[WHAT IS NEEDED] Give back exactly the lines spanning from the one containing "datatype bt = Leaf | Node bt bt" to the final line of the records below, and no others.

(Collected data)
◇ ◇ ◇ ◇ ◇

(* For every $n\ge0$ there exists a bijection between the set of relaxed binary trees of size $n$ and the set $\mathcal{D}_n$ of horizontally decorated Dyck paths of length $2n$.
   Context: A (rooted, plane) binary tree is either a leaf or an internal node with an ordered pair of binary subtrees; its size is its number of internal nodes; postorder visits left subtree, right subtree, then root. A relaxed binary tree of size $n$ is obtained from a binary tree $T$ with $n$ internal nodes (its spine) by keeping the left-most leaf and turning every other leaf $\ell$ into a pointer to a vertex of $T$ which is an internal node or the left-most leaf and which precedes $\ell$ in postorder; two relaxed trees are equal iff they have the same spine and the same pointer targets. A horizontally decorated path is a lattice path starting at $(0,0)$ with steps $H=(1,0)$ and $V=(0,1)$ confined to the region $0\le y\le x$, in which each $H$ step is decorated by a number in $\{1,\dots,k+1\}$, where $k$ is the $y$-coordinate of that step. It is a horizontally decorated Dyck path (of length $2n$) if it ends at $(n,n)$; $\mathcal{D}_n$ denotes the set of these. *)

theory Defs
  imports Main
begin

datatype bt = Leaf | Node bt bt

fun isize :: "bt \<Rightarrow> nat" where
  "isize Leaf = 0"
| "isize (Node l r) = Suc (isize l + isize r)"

◇ ◇ ◇ ◇ ◇

[THE ANSWER]
datatype bt = Leaf | Node bt bt

fun isize :: "bt \<Rightarrow> nat" where
  "isize Leaf = 0"
| "isize (Node l r) = Suc (isize l + isize r)"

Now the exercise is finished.